The principle of professional law enforcement is now on the line

You don’t need to take my word on this point. Trump himself says it all the time—and loudly. He announces at every turn that he thinks the attorney general’s job is to protect him from the Russia probe and that he wants law enforcement to focus on Clinton. Rosenstein is only on Trump’s radar screen at all because the investigation of potential ties between associates of the Trump campaign and Russia required the attorney general’s recusal, a matter about which Trump also serially complains. The president’s attitude toward federal law enforcement is not just corrupt. It is openly and flamboyantly corrupt. He wants the FBI and the Justice Department to be at his beck and call. He wants them to be expressions of his power and interests.
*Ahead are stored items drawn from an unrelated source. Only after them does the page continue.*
(* For every integer $d\ge3$, the map $\nu\mapsto\vartheta_{d,\nu}$ is strictly increasing, and for every $\nu>0$ the map $d\mapsto\vartheta_{d,\nu}$ is strictly increasing. Moreover, for every $d\ge3$, $$\lim_{\nu\downarrow0}\vartheta_{d,\nu}=\vartheta_{d,0}=\frac{d-2}{d-1},\qquad \lim_{\nu\to\infty}\vartheta_{d,\nu}=1,$$ and for every $\nu>0$, $\lim_{d\to\infty}\vartheta_{d,\nu}=1$.
   Context: For $d\ge2$ and $\nu\in[0,\infty)$ let $\beta_d=\sqrt{d-1}$, $\rho_d=2\sqrt{d-1}/d$, let $\Delta_{d,\nu}$ be the continued fraction $\Delta_{d,\nu}=\cfrac{1}{a_1-\cfrac{1}{a_2-\cfrac{1}{a_3-\cdots}}}$ with $a_i=\frac{2+i\nu}{\rho_d}$ (convergent since $a_i\ge2$), and define $\vartheta_{d,\nu}=1-\Delta_{d,\nu}/\beta_d$. *)

theory Defs
  imports "HOL-Analysis.Analysis"
begin

definition beta_d :: "nat \<Rightarrow> real" where
  "beta_d d = sqrt (real d - 1)"

definition rho_d :: "nat \<Rightarrow> real" where
  "rho_d d = 2 * sqrt (real d - 1) / real d"

definition cf_coeff :: "nat \<Rightarrow> real \<Rightarrow> nat \<Rightarrow> real" where
  "cf_coeff d \<nu> i = (2 + real i * \<nu>) / rho_d d"

fun cf_trunc :: "(nat \<Rightarrow> real) \<Rightarrow> nat \<Rightarrow> nat \<Rightarrow> real" where
  "cf_trunc a 0 k = 0"
| "cf_trunc a (Suc n) k = 1 / (a k - cf_trunc a n (Suc k))"
(* Let $q\ge 2$, $r\ge 1$, $\rho\ge 2$ be integers and $N=r+\rho-1$. Assume that there exists a $q$-ary MDS code of length $N$ and minimum distance $\rho$. Then $R_q(r,\rho,0)=\frac{r}{N}$.
   Context: A $q$-ary code of length $n$ is a subset $\mathcal{C}\subseteq Q^n$, $|Q|=q$, with minimum distance the minimum Hamming distance between distinct codewords and dimension $k=\log_q|\mathcal{C}|$. For $I\subseteq[n]$, $\mathcal{C}_I$ is the projection onto coordinates in $I$. $\mathcal{C}$ is an $(n,k,r,\rho)$ LRC code if every coordinate $i\in[n]$ lies in a subset $\mathcal{R}_i$ of size at most $r+\rho-1$ with $\mathcal{C}_{\mathcal{R}_i}$ of minimum distance at least $\rho$. Let $M_q(n,r,\rho,\delta n)$ be the maximum cardinality of a $q$-ary $(n,k,r,\rho)$ LRC code with minimum distance $\delta n$, and $R_q(r,\rho,\delta)=\limsup_{n\to\infty}\frac1n\log_q M_q(n,r,\rho,\delta n)$. An MDS code of length $N$ and distance $\rho$ is a $q$-ary code of length $N$, minimum distance $\rho$ and cardinality $q^{N-\rho+1}$. *)

theory Defs
  imports Complex_Main "HOL-Library.Liminf_Limsup" "HOL-Library.Extended_Real"
begin

definition words :: "nat \<Rightarrow> nat \<Rightarrow> nat list set" where
  "words q n = {xs. length xs = n \<and> set xs \<subseteq> {..<q}}"

definition is_code :: "nat \<Rightarrow> nat \<Rightarrow> nat list set \<Rightarrow> bool" where
  "is_code q n C \<longleftrightarrow> C \<subseteq> words q n"

definition hdist_on :: "nat set \<Rightarrow> nat list \<Rightarrow> nat list \<Rightarrow> nat" where
  "hdist_on I x y = card {i \<in> I. x ! i \<noteq> y ! i}"

definition hdist :: "nat list \<Rightarrow> nat list \<Rightarrow> nat" where
  "hdist x y = hdist_on {..<length x} x y"

definition min_dist :: "nat list set \<Rightarrow> nat" where
  "min_dist C = Min {hdist x y | x y. x \<in> C \<and> y \<in> C \<and> x \<noteq> y}"

text \<open>Minimum distance at least d (d real, vacuous for codes with at most one word).\<close>
definition min_dist_ge :: "real \<Rightarrow> nat list set \<Rightarrow> bool" where
  "min_dist_ge d C \<longleftrightarrow> (\<forall>x\<in>C. \<forall>y\<in>C. x \<noteq> y \<longrightarrow> d \<le> real (hdist x y))"
(* In the setting of the context, let $\omega\in\mathcal{C}\setminus W_\Omega(T)$ and let $\epsilon_0$ be defined from $\omega$ as in the context. Then $\|T^{-1}(\omega)\|\le1/\epsilon_0$.
   Context: Let $\mathcal{H}$ be a Hilbert space, $A$ a selfadjoint (possibly unbounded) operator in $\mathcal{H}$ and $B$ a nonzero bounded selfadjoint operator. Let $c\ge0$, $d>0$, $\delta_\pm:=\pm\sqrt{c-d^2/4}-id/2$ (principal square root), $\mathcal{C}:=\mathbb{C}\setminus\{\delta_+,\delta_-\}$ and $T(\omega):=A-\omega^2-\frac{\omega^2}{c-id\omega-\omega^2}B$ with $\operatorname{dom}T(\omega)=\operatorname{dom}A$, $\omega\in\mathcal{C}$. $W(A),W(B)$ are numerical ranges. For real $\alpha,\beta$ let $p_{(\alpha,\beta)}(\omega):=(\alpha-\omega^2)(c-id\omega-\omega^2)-\beta\omega^2$ with roots $r_1,\dots,r_4$ labelled continuously in $(\alpha,\beta)$ and extended by limits to $\overline{\mathbb{R}}\times\mathbb{R}$ ($\overline{\mathbb{R}}=\mathbb{R}\cup\{\pm\infty\}$), values in $\overline{\mathbb{C}}$; $\Omega:=\overline{W(A)}\times\overline{W(B)}$ (closure in $\overline{\mathbb{R}}$), $W_\Omega(T):=\bigcup_n r_n(\Omega)$. For $\omega\in\mathcal{C}$ put $\kappa:=\frac{\omega^2}{c-id\omega-\omega^2}$, $\lambda:=\omega^2$ (subscripts $\Re,\Im$ denote real and imaginary parts). If $\kappa_\Re=0$, $\epsilon_0:=\sqrt{\min_{\beta\in W(B)}|\beta\kappa_\Im+\lambda_\Im|^2+\min_{\alpha\in W(A)}|\alpha-\lambda_\Re|^2}$. If $\kappa_\Re\neq0$: $\beta_{\inf},\beta_{\sup}$ are the values in $\overline{W(B)}$ closest to $-\frac{\kappa_\Im\lambda_\Im-\kappa_\Re(\inf W(A)-\lambda_\Re)}{|\kappa|^2}$ and $-\frac{\kappa_\Im\lambda_\Im-\kappa_\Re(\sup W(A)-\lambda_\Re)}{|\kappa|^2}$; $\mathcal{B}:=\left[\frac{\inf W(A)-\lambda_\Re}{\kappa_\Re},\frac{\sup W(A)-\lambda_\Re}{\kappa_\Re}\right]$; $\Omega':=\{(\inf W(A),\beta_{\inf}),(\sup W(A),\beta_{\sup})\}$ if $\mathcal{B}\cap\overline{W(B)}=\emptyset$, and otherwise $\Omega'$ additionally contains $(\alpha_{op},\beta_{op})$, where $\beta_{op}$ is the value in $\mathcal{B}\cap\overline{W(B)}$ closest to $-\lambda_\Im/\kappa_\Im$ (arbitrary if $\kappa_\Im=0$) and $\alpha_{op}:=\beta_{op}\kappa_\Re+\lambda_\Re$; then $\epsilon_0:=\min_{(\alpha,\beta)\in\Omega'}\sqrt{|\beta\kappa_\Im+\lambda_\Im|^2+|\alpha-\kappa_\Re\beta-\lambda_\Re|^2}$. *)

theory Defs
  imports "HOL-Analysis.Analysis"
begin

text \<open>A complex Hilbert space is modelled as a real Banach space carrying a complex
structure J (multiplication by the imaginary unit) and a complex inner product ip,
linear in the first argument, conjugate symmetric, whose induced norm is the given norm.\<close>

definition scaleC :: "('a::real_vector \<Rightarrow> 'a) \<Rightarrow> complex \<Rightarrow> 'a \<Rightarrow> 'a" where
  "scaleC J a x = Re a *\<^sub>R x + Im a *\<^sub>R J x"

definition hilbert_space :: "('a::{real_normed_vector,complete_space} \<Rightarrow> 'a) \<Rightarrow> ('a \<Rightarrow> 'a \<Rightarrow> complex) \<Rightarrow> bool" where
  "hilbert_space J ip \<longleftrightarrow>
     linear J \<and> (\<forall>x. J (J x) = - x) \<and>
     (\<forall>x y z. ip (x + y) z = ip x z + ip y z) \<and>
     (\<forall>r x y. ip (r *\<^sub>R x) y = complex_of_real r * ip x y) \<and>
     (\<forall>x y. ip (J x) y = \<i> * ip x y) \<and>
     (\<forall>x y. ip y x = cnj (ip x y)) \<and>
     (\<forall>x. ip x x = complex_of_real ((norm x)\<^sup>2))"
(* For every quantifier-free $\tau_0$-formula $\varphi$ and every variable $x$ there exists a quantifier-free $\tau_0$-formula $\psi$ such that $\exists x.\,\varphi$ is equivalent to $\psi$ over $\mathfrak{L}$.
   Context: $\mathfrak{L}$ is the structure with domain $\mathbb{Q}$ and signature $\tau_0=\{<,1\}\cup\{c\cdot\}_{c\in\mathbb{Q}}$, where $<$ is the usual strict order on $\mathbb{Q}$, $1$ is a constant symbol denoting $1$, and each $c\cdot$ is a unary function symbol denoting $x\mapsto cx$. *)

theory Defs
  imports Complex_Main
begin

text \<open>Terms of the signature tau0 = {<, 1} plus unary c* for each rational c.
  Variables are indexed by natural numbers.\<close>
datatype tm = Var nat | One | Scal rat tm

datatype qf = Eq tm tm | Less tm tm | FFalse | Neg qf | Conj qf qf | Disj qf qf

text \<open>Semantics in the structure L with domain Q.\<close>
fun tm_val :: "(nat \<Rightarrow> rat) \<Rightarrow> tm \<Rightarrow> rat" where
  "tm_val v (Var i) = v i"
| "tm_val v One = 1"
| "tm_val v (Scal c t) = c * tm_val v t"

fun qf_sat :: "(nat \<Rightarrow> rat) \<Rightarrow> qf \<Rightarrow> bool" where
  "qf_sat v (Eq s t) = (tm_val v s = tm_val v t)"
| "qf_sat v (Less s t) = (tm_val v s < tm_val v t)"
| "qf_sat v FFalse = False"
| "qf_sat v (Neg p) = (\<not> qf_sat v p)"
| "qf_sat v (Conj p q) = (qf_sat v p \<and> qf_sat v q)"
| "qf_sat v (Disj p q) = (qf_sat v p \<or> qf_sat v q)"

end

theory Submission
  imports Defs
begin

text \<open>Under \<open>x := a\<close> an atom \<open>s \<lhd> t\<close> compares the affine function \<open>d * a + e\<close> with 0, where
  \<open>d\<close> is the difference of the coefficients of \<open>x\<close> in \<open>s\<close> and \<open>t\<close> and \<open>e\<close> that of their \<open>x\<close>-free
  parts. So the truth of \<open>\<phi>\<close> depends only on the signs of finitely many affine functions and is
  constant between consecutive roots \<open>-e/d\<close>. Hence \<open>\<phi>\<close> has a witness iff it holds far to the
  left, at a root, or just to the right of a root. Each of these is quantifier-free: at a root \<open>u\<close>
  by substitution; far to the left the sign of \<open>d * a + e\<close> is \<open>- sgn d\<close> (or \<open>sgn e\<close> if \<open>d = 0\<close>),
  and just to the right of \<open>u\<close> it is its sign at \<open>u\<close> (or \<open>sgn d\<close> if that is 0). Terms have no
  addition, so midpoints of roots are unavailable as test points; hence the infinitesimal
  test points \<open>u + \<epsilon>\<close>.\<close>

text \<open>An order-theoretic \<open>at_right\<close>: \<^typ>\<open>rat\<close> carries no topology in the library.\<close>
definition right_nbhds :: "'a::linorder \<Rightarrow> 'a filter" where
  "right_nbhds r = (INF b\<in>{r<..}. principal {r<..<b})"

lemma eventually_right_nbhds:
  fixes r :: "'a::{linorder,no_top}"
  shows "eventually P (right_nbhds r) \<longleftrightarrow> (\<exists>b>r. \<forall>a. r < a \<and> a < b \<longrightarrow> P a)"
  unfolding right_nbhds_def
proof (subst eventually_INF_base)
  show "\<exists>c\<in>{r<..}. principal {r<..<c} \<le> inf (principal {r<..<a}) (principal {r<..<b})"
    if "a \<in> {r<..}" "b \<in> {r<..}" for a b
    using that by (intro bexI[of _ "min a b"]) auto
qed (auto simp: eventually_principal gt_ex Bex_def)

lemma right_nbhds_neq_bot: "right_nbhds (r::'a::{linorder,no_top,dense_order}) \<noteq> bot"
  unfolding trivial_limit_def eventually_right_nbhds using dense by blast

lemma sgn_affine:
  fixes d e a :: "'a::linordered_field"
  assumes "d \<noteq> 0"
  shows "sgn (d * a + e) = sgn d * sgn (a + e / d)"
proof -
  have "d * a + e = d * (a + e / d)"
    using assms by (simp add: field_simps)
  then show ?thesis by (simp add: sgn_mult)
qed

lemma sgn_affine_eq_on_interval:
  fixes d e p q :: "'a::linordered_field"
  assumes "p \<le> q" and "d \<noteq> 0 \<Longrightarrow> - e / d \<notin> {p..q}"
  shows "sgn (d * p + e) = sgn (d * q + e)"
proof (cases "d = 0")
  case False
  then have "sgn (p + e / d) = sgn (q + e / d)"
    using assms by (auto simp: sgn_if)
  then show ?thesis using False by (simp add: sgn_affine)
qed simp

lemma eventually_sgn_affine_at_bot:
  fixes d e :: "'a::linordered_field"
  shows "eventually (\<lambda>a. sgn (d * a + e) = (if d = 0 then sgn e else - sgn d)) at_bot"
proof (cases "d = 0")
  case False
  have "eventually (\<lambda>a. a < - e / d) at_bot"
    by (simp add: eventually_at_bot_dense)
  then show ?thesis
    by eventually_elim (use False in \<open>simp add: sgn_affine\<close>)
qed simp

lemma eventually_sgn_affine_right_nbhds:
  fixes d e r :: "'a::linordered_field"
  shows "eventually (\<lambda>a. sgn (d * a + e) = (if d * r + e = 0 then sgn d else sgn (d * r + e)))
           (right_nbhds r)"
proof (cases "d = 0")
  case False
  define z where "z = - e / d"
  show ?thesis
  proof (cases "d * r + e = 0")
    case True
    then have "r = z" using False by (simp add: z_def field_simps)
    then show ?thesis
      using False by (auto simp: eventually_right_nbhds sgn_affine z_def intro: gt_ex)
  next
    case nonroot: False
    have "\<exists>b>r. z \<notin> {r<..<b}"
      by (cases "r < z") (auto intro: exI[of _ "r + 1"])
    moreover have "z \<noteq> r"
      using nonroot False by (auto simp: z_def field_simps)
    ultimately have "eventually (\<lambda>a. r \<le> a \<and> z \<notin> {r..a}) (right_nbhds r)"
      by (auto simp: eventually_right_nbhds)
    then show ?thesis
      by eventually_elim (use False nonroot sgn_affine_eq_on_interval[of r _ d e] in \<open>auto simp: z_def\<close>)
  qed
qed (simp add: eventually_right_nbhds gt_ex)
lemma triangle_free_card_closed_nbhd_Int_nbhd_Rset_le_6:
  assumes sg: "simple_graph V E" and "triangle_free V E" and "v \<in> V" "a \<in> V" "a \<noteq> v"
    and "v \<notin> D2_tf V E"
  shows "card (insert a (nbhd V E a) \<inter> nbhd V E v \<inter> Rset V E (D2_tf V E)) \<le> 6"
proof (cases "a \<in> nbhd V E v")
  case True
  have "nbhd V E a \<inter> nbhd V E v = {}"
    using triangle_free_adjacent_common_nbhd_empty[OF sg \<open>triangle_free V E\<close> \<open>v \<in> V\<close> True] .
  then have "insert a (nbhd V E a) \<inter> nbhd V E v \<inter> Rset V E (D2_tf V E) \<subseteq> {a}"
    by blast
  then have "card (insert a (nbhd V E a) \<inter> nbhd V E v \<inter> Rset V E (D2_tf V E)) \<le> card {a}"
    by (rule card_mono[rotated]) simp
  then show ?thesis
    by simp
next
  case False
  then have sub: "insert a (nbhd V E a) \<inter> nbhd V E v \<inter> Rset V E (D2_tf V E)
      \<subseteq> NR1 V E v \<inter> NR1 V E a"
    using Rset_subset_R1[of V E "D2_tf V E"] unfolding NR1_def by blast
  have "\<not> 7 \<le> card (NR1 V E v \<inter> NR1 V E a)"
  proof
    assume "7 \<le> card (NR1 V E v \<inter> NR1 V E a)"
    then have "a \<in> Bset V E v"
      using assms(4,5) unfolding Bset_def by blast
    then have "v \<in> D2_tf V E"
      using \<open>v \<in> V\<close> unfolding D2_tf_def Wset_def by blast
    with \<open>v \<notin> D2_tf V E\<close> show False ..
  qed
  moreover have "finite (NR1 V E v \<inter> NR1 V E a)"
    using finite_nbhd[OF sg] unfolding NR1_def by blast
  ultimately show ?thesis
    using card_mono[OF _ sub] by linarith
qed

theorem lemma42:
  fixes V :: "'a set" and E :: "'a set set"
  assumes "simple_graph V E" and "planar V E"
  shows "(triangle_free V E \<longrightarrow> (\<forall>v\<in>V. dR V E (D2_tf V E) v \<le> 18))
       \<and> (girth_at_least_5 V E \<longrightarrow> (\<forall>v\<in>V. dR V E {} v \<le> 3))
       \<and> (outerplanar V E \<longrightarrow> (\<forall>v\<in>V. dR V E {} v \<le> 9))"
proof (intro conjI impI ballI)
  fix v assume "triangle_free V E" "v \<in> V"
  then show "dR V E (D2_tf V E) v \<le> 18"
    using dR_le_3_mult_local_bound[OF assms(1), of v "D2_tf V E" 6]
      triangle_free_card_closed_nbhd_Int_nbhd_Rset_le_6[OF assms(1)] by simp
next
  fix v assume "girth_at_least_5 V E" "v \<in> V"
  then show "dR V E {} v \<le> 3"
    using dR_empty_le_3_mult_local_bound[OF assms(1), of v 1]
      girth_at_least_5_card_closed_nbhd_Int_nbhd_le_1[OF assms(1)] by simp
next
  fix v assume "outerplanar V E" "v \<in> V"
  then show "dR V E {} v \<le> 9"
    using dR_empty_le_3_mult_local_bound[OF assms(1), of v 3]
      outerplanar_card_closed_nbhd_Int_nbhd_le_3[OF assms(1)] by simp
qed

end
lemma prodOnePlusRefl_list_D0:
  assumes "i \<in> set xs" "j \<in> set xs" "i \<in> {1..I}" "j \<in> {1..I}" "i \<noteq> j"
  shows "prodOnePlusRefl_list xs (D0 I p) = (\<lambda>_. 0)"
proof -
  have "prodOnePlusRefl_list xs (\<lambda>E. dterm I p E l) = (\<lambda>_. 0)" for l
  proof (cases "l = i")
    case True
    then show ?thesis using assms by (intro prodOnePlusRefl_list_odd_in[OF odd_in_dterm, of j]) auto
  next
    case False
    then show ?thesis using assms by (intro prodOnePlusRefl_list_odd_in[OF odd_in_dterm, of i]) auto
  qed
  then show ?thesis
    unfolding D0_def[abs_def] prodOnePlusRefl_list_scaled_sum by simp
qed

lemma onePlusRefl_pair_D0:
  assumes "i \<in> {1..I}" "j \<in> {1..I}" "i \<noteq> j"
  shows "onePlusRefl i (onePlusRefl j (D0 I p)) = (\<lambda>_. 0)"
  using prodOnePlusRefl_list_D0[of i "[i, j]" j] assms by simp

lemma prodOnePlusRefl_D0:
  assumes "C \<subseteq> {1..I}" "card C \<ge> 2"
  shows "prodOnePlusRefl C (D0 I p) = (\<lambda>_. 0)"
proof -
  have "finite C"
    using assms(1) finite_subset by blast
  moreover obtain i j where "i \<in> C" "j \<in> C" "i \<noteq> j"
    using assms(2) card_le_Suc0_iff_eq[OF \<open>finite C\<close>] by auto
  ultimately have "prodOnePlusRefl_list (sorted_list_of_set C) (D0 I p) = (\<lambda>_. 0)"
    using assms(1) by (intro prodOnePlusRefl_list_D0[of i _ j]) auto
  then show ?thesis
    by (simp add: prodOnePlusRefl_def prodOnePlusRefl_list_def)
qed

lemma onePlusRefl_D0:
  assumes "j \<in> {1..I}"
  shows "onePlusRefl j (D0 I p) E
           = (-1) ^ (I + 1) * (dterm I p E j + dterm I p (E(j := - E j)) j)"
proof -
  have remove_j: "(\<Sum>l\<in>{1..I}. g l) = g j + (\<Sum>l\<in>{1..I} - {j}. g l)" for g :: "nat \<Rightarrow> complex"
    using assms by (intro sum.remove) auto
  have "dterm I p (E(j := - E j)) l = - dterm I p E l" if "l \<in> {1..I} - {j}" for l
    using odd_in_dterm[of j I l p] assms that unfolding odd_in_def by auto
  then have "(\<Sum>l\<in>{1..I} - {j}. dterm I p (E(j := - E j)) l) = - (\<Sum>l\<in>{1..I} - {j}. dterm I p E l)"
    by (simp add: sum_negf)
  then show ?thesis
    unfolding onePlusRefl_def refl_def D0_def remove_j by (simp add: algebra_simps)
qed

lemma foldr_bfactor:
  assumes "distinct xs"
    and "\<And>i j. i \<in> set xs \<Longrightarrow> j \<in> set xs \<Longrightarrow> i \<noteq> j \<Longrightarrow> onePlusRefl i (onePlusRefl j f) = (\<lambda>_. 0)"
  shows "foldr (\<lambda>j g. bfactor (c j) j \<circ> g) xs id f
           = (\<lambda>E. f E + (\<Sum>j\<in>set xs. c j * onePlusRefl j f E))"
  using assms
proof (induction xs)
  case Nil
  then show ?case by simp
next
  case (Cons i xs)
  define G where "G = foldr (\<lambda>j g. bfactor (c j) j \<circ> g) xs id f"
  have G: "G = (\<lambda>E. f E + (\<Sum>j\<in>set xs. c j * onePlusRefl j f E))"
    unfolding G_def by (rule Cons.IH) (use Cons.prems in auto)
  have "onePlusRefl i (onePlusRefl j f) E = 0" if "j \<in> set xs" for j E
    using Cons.prems that by force
  moreover have "onePlusRefl i G E
      = onePlusRefl i f E + (\<Sum>j\<in>set xs. c j * onePlusRefl i (onePlusRefl j f) E)" for E
    unfolding G onePlusRefl_def refl_def by (simp add: sum.distrib algebra_simps)
  ultimately have opG: "onePlusRefl i G = onePlusRefl i f"
    by auto
  have "foldr (\<lambda>j g. bfactor (c j) j \<circ> g) (i # xs) id f = bfactor (c i) i G"
    by (simp add: G_def)
  also have "\<dots> = (\<lambda>E. f E + (\<Sum>j\<in>set (i # xs). c j * onePlusRefl j f E))"
    using Cons.prems unfolding bfactor_def opG by (simp add: G algebra_simps)
  finally show ?case .
qed

section \<open>Partial fractions and the cotangent series\<close>

definition pf_coeff :: "('k \<Rightarrow> 'a::field) \<Rightarrow> 'k set \<Rightarrow> 'k \<Rightarrow> 'a" where
  "pf_coeff b K k = (\<Prod>k'\<in>K - {k}. 1 / (b k - b k'))"
text \<open>After substituting \<open>t = s/x\<close>, dominated convergence as \<open>x \<rightarrow> \<infinity>\<close> leaves Euler's integral.\<close>
lemma pcf_moment_asymptotic:
  assumes k: "k > -1"
  shows "((\<lambda>x. x powr (k+1) * pcf_moment k x) \<longlongrightarrow> Gamma (k+1)) at_top"
proof -
  have Gamma: "integrable lborel (Gamma_integrand k)" "integral\<^sup>L lborel (Gamma_integrand k) = Gamma (k+1)"
    using has_bochner_integral_Gamma_integrand[OF k] by (auto simp: has_bochner_integral_iff)
  have "((\<lambda>x. integral\<^sup>L lborel (pcf_kernel_rescaled k x)) \<longlongrightarrow> integral\<^sup>L lborel (Gamma_integrand k)) at_top"
  proof (rule integral_dominated_convergence_at_top[where w="Gamma_integrand k"])
    show "AE s in lborel. ((\<lambda>x. pcf_kernel_rescaled k x s) \<longlongrightarrow> Gamma_integrand k s) at_top"
    proof (rule AE_I2)
      fix s :: real
      have "((\<lambda>x. s/x) \<longlongrightarrow> 0) at_top"
        by real_asymp
      then have "((\<lambda>x. s powr k * exp (-s) * exp (-((s/x)^2)/2))
          \<longlongrightarrow> s powr k * exp (-s) * exp (-(0^2)/2)) at_top"
        by (intro tendsto_intros) auto
      then show "((\<lambda>x. pcf_kernel_rescaled k x s) \<longlongrightarrow> Gamma_integrand k s) at_top"
        by (simp add: pcf_kernel_rescaled_def Gamma_integrand_def)
    qed
    show "\<forall>\<^sub>F x in at_top. AE s in lborel. norm (pcf_kernel_rescaled k x s) \<le> Gamma_integrand k s"
      by (intro always_eventually allI AE_I2)
        (auto simp: pcf_kernel_rescaled_def Gamma_integrand_def intro!: mult_left_le)
  qed (use Gamma in simp_all)
  moreover have "\<forall>\<^sub>F x in at_top. integral\<^sup>L lborel (pcf_kernel_rescaled k x) = x powr (k+1) * pcf_moment k x"
    using eventually_gt_at_top[of 0] by eventually_elim (simp add: pcf_moment_rescale)
  ultimately show ?thesis
    using Gamma by (simp add: tendsto_cong)
qed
That is a notion of federal law enforcement that this country turned decisively away from over a long period of time. The notion of law enforcement as professional, not political, began developing as an aspiration and an ethos even while in practice the FBI was the personal feifdom of J. Edgar Hoover. The modern norms of apolitical conduct and independence on investigative matters, which crystalized in the reforms that followed Watergate and the civil-rights era abuses, reflect not merely the shock of those abuses but decades of learned experience about law enforcement professionalism and how to do investigations well under a rule of law system. The question Trump is posing is whether we want to go back to a more primitive vision of the relationship between the president and the civilians with the power to lock people up.